EXERCISE:
Below is a listing; copy all of it exactly.
START DATA FOR THIS TASK
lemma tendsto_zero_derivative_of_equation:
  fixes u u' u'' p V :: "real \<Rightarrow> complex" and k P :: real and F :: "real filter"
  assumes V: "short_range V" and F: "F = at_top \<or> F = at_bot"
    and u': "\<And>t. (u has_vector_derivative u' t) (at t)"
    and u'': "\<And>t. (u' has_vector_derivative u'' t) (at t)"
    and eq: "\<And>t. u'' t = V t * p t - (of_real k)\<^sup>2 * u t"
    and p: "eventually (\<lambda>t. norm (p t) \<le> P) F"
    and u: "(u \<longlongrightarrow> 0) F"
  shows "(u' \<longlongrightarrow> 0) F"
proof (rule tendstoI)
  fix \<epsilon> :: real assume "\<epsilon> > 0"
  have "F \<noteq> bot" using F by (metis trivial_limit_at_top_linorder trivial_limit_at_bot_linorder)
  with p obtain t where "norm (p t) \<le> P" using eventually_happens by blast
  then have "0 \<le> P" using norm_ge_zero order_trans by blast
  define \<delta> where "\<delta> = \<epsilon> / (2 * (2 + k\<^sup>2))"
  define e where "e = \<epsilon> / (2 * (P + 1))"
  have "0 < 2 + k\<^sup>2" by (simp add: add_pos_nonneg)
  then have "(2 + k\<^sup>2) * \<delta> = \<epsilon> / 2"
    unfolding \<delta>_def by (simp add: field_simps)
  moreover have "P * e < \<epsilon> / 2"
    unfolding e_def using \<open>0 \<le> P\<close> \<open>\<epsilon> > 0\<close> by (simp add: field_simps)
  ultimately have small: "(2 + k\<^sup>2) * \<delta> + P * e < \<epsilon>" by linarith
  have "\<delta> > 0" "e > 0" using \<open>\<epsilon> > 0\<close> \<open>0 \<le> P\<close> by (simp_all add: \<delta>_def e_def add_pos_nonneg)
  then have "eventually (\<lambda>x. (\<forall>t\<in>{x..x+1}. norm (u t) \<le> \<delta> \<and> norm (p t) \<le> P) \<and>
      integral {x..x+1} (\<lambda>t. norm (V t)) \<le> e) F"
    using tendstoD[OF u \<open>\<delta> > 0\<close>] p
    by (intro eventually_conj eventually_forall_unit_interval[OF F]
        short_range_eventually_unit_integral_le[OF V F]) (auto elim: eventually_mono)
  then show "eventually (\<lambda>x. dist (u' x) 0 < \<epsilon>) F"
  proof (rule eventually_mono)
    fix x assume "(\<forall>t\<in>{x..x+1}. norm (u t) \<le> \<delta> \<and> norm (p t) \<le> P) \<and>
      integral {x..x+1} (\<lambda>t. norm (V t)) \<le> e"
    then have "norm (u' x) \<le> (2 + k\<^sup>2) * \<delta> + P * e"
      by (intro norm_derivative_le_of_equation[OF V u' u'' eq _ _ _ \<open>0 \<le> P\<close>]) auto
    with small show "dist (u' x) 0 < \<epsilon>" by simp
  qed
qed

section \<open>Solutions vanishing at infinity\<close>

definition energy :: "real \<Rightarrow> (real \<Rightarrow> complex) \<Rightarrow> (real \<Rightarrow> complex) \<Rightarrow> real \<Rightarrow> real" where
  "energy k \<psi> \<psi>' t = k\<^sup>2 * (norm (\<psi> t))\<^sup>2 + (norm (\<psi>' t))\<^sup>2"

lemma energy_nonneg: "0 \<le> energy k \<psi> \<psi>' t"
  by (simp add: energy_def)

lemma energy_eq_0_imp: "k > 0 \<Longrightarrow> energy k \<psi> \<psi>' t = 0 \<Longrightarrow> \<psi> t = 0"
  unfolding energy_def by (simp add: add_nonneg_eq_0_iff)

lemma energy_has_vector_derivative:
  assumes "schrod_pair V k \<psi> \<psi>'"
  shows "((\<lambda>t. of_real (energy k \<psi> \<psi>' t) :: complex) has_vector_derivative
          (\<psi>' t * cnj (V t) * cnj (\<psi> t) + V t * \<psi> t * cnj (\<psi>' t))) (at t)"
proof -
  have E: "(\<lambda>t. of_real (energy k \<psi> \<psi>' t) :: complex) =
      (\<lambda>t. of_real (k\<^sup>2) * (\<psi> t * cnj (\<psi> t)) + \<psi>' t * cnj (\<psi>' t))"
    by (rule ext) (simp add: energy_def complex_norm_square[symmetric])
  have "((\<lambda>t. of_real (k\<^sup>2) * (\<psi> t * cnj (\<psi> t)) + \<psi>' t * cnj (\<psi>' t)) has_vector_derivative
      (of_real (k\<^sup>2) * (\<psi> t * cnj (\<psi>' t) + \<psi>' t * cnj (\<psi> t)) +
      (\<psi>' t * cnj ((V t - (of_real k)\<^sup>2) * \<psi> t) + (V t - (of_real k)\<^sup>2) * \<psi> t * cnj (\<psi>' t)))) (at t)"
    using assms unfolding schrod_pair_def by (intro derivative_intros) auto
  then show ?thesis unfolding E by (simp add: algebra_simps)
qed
END DATA FOR THIS TASK
FINAL ANSWER:
lemma tendsto_zero_derivative_of_equation:
  fixes u u' u'' p V :: "real \<Rightarrow> complex" and k P :: real and F :: "real filter"
  assumes V: "short_range V" and F: "F = at_top \<or> F = at_bot"
    and u': "\<And>t. (u has_vector_derivative u' t) (at t)"
    and u'': "\<And>t. (u' has_vector_derivative u'' t) (at t)"
    and eq: "\<And>t. u'' t = V t * p t - (of_real k)\<^sup>2 * u t"
    and p: "eventually (\<lambda>t. norm (p t) \<le> P) F"
    and u: "(u \<longlongrightarrow> 0) F"
  shows "(u' \<longlongrightarrow> 0) F"
proof (rule tendstoI)
  fix \<epsilon> :: real assume "\<epsilon> > 0"
  have "F \<noteq> bot" using F by (metis trivial_limit_at_top_linorder trivial_limit_at_bot_linorder)
  with p obtain t where "norm (p t) \<le> P" using eventually_happens by blast
  then have "0 \<le> P" using norm_ge_zero order_trans by blast
  define \<delta> where "\<delta> = \<epsilon> / (2 * (2 + k\<^sup>2))"
  define e where "e = \<epsilon> / (2 * (P + 1))"
  have "0 < 2 + k\<^sup>2" by (simp add: add_pos_nonneg)
  then have "(2 + k\<^sup>2) * \<delta> = \<epsilon> / 2"
    unfolding \<delta>_def by (simp add: field_simps)
  moreover have "P * e < \<epsilon> / 2"
    unfolding e_def using \<open>0 \<le> P\<close> \<open>\<epsilon> > 0\<close> by (simp add: field_simps)
  ultimately have small: "(2 + k\<^sup>2) * \<delta> + P * e < \<epsilon>" by linarith
  have "\<delta> > 0" "e > 0" using \<open>\<epsilon> > 0\<close> \<open>0 \<le> P\<close> by (simp_all add: \<delta>_def e_def add_pos_nonneg)
  then have "eventually (\<lambda>x. (\<forall>t\<in>{x..x+1}. norm (u t) \<le> \<delta> \<and> norm (p t) \<le> P) \<and>
      integral {x..x+1} (\<lambda>t. norm (V t)) \<le> e) F"
    using tendstoD[OF u \<open>\<delta> > 0\<close>] p
    by (intro eventually_conj eventually_forall_unit_interval[OF F]
        short_range_eventually_unit_integral_le[OF V F]) (auto elim: eventually_mono)
  then show "eventually (\<lambda>x. dist (u' x) 0 < \<epsilon>) F"
  proof (rule eventually_mono)
    fix x assume "(\<forall>t\<in>{x..x+1}. norm (u t) \<le> \<delta> \<and> norm (p t) \<le> P) \<and>
      integral {x..x+1} (\<lambda>t. norm (V t)) \<le> e"
    then have "norm (u' x) \<le> (2 + k\<^sup>2) * \<delta> + P * e"
      by (intro norm_derivative_le_of_equation[OF V u' u'' eq _ _ _ \<open>0 \<le> P\<close>]) auto
    with small show "dist (u' x) 0 < \<epsilon>" by simp
  qed
qed

section \<open>Solutions vanishing at infinity\<close>

definition energy :: "real \<Rightarrow> (real \<Rightarrow> complex) \<Rightarrow> (real \<Rightarrow> complex) \<Rightarrow> real \<Rightarrow> real" where
  "energy k \<psi> \<psi>' t = k\<^sup>2 * (norm (\<psi> t))\<^sup>2 + (norm (\<psi>' t))\<^sup>2"

lemma energy_nonneg: "0 \<le> energy k \<psi> \<psi>' t"
  by (simp add: energy_def)

lemma energy_eq_0_imp: "k > 0 \<Longrightarrow> energy k \<psi> \<psi>' t = 0 \<Longrightarrow> \<psi> t = 0"
  unfolding energy_def by (simp add: add_nonneg_eq_0_iff)

lemma energy_has_vector_derivative:
  assumes "schrod_pair V k \<psi> \<psi>'"
  shows "((\<lambda>t. of_real (energy k \<psi> \<psi>' t) :: complex) has_vector_derivative
          (\<psi>' t * cnj (V t) * cnj (\<psi> t) + V t * \<psi> t * cnj (\<psi>' t))) (at t)"
proof -
  have E: "(\<lambda>t. of_real (energy k \<psi> \<psi>' t) :: complex) =
      (\<lambda>t. of_real (k\<^sup>2) * (\<psi> t * cnj (\<psi> t)) + \<psi>' t * cnj (\<psi>' t))"
    by (rule ext) (simp add: energy_def complex_norm_square[symmetric])
  have "((\<lambda>t. of_real (k\<^sup>2) * (\<psi> t * cnj (\<psi> t)) + \<psi>' t * cnj (\<psi>' t)) has_vector_derivative
      (of_real (k\<^sup>2) * (\<psi> t * cnj (\<psi>' t) + \<psi>' t * cnj (\<psi> t)) +
      (\<psi>' t * cnj ((V t - (of_real k)\<^sup>2) * \<psi> t) + (V t - (of_real k)\<^sup>2) * \<psi> t * cnj (\<psi>' t)))) (at t)"
    using assms unfolding schrod_pair_def by (intro derivative_intros) auto
  then show ?thesis unfolding E by (simp add: algebra_simps)
qed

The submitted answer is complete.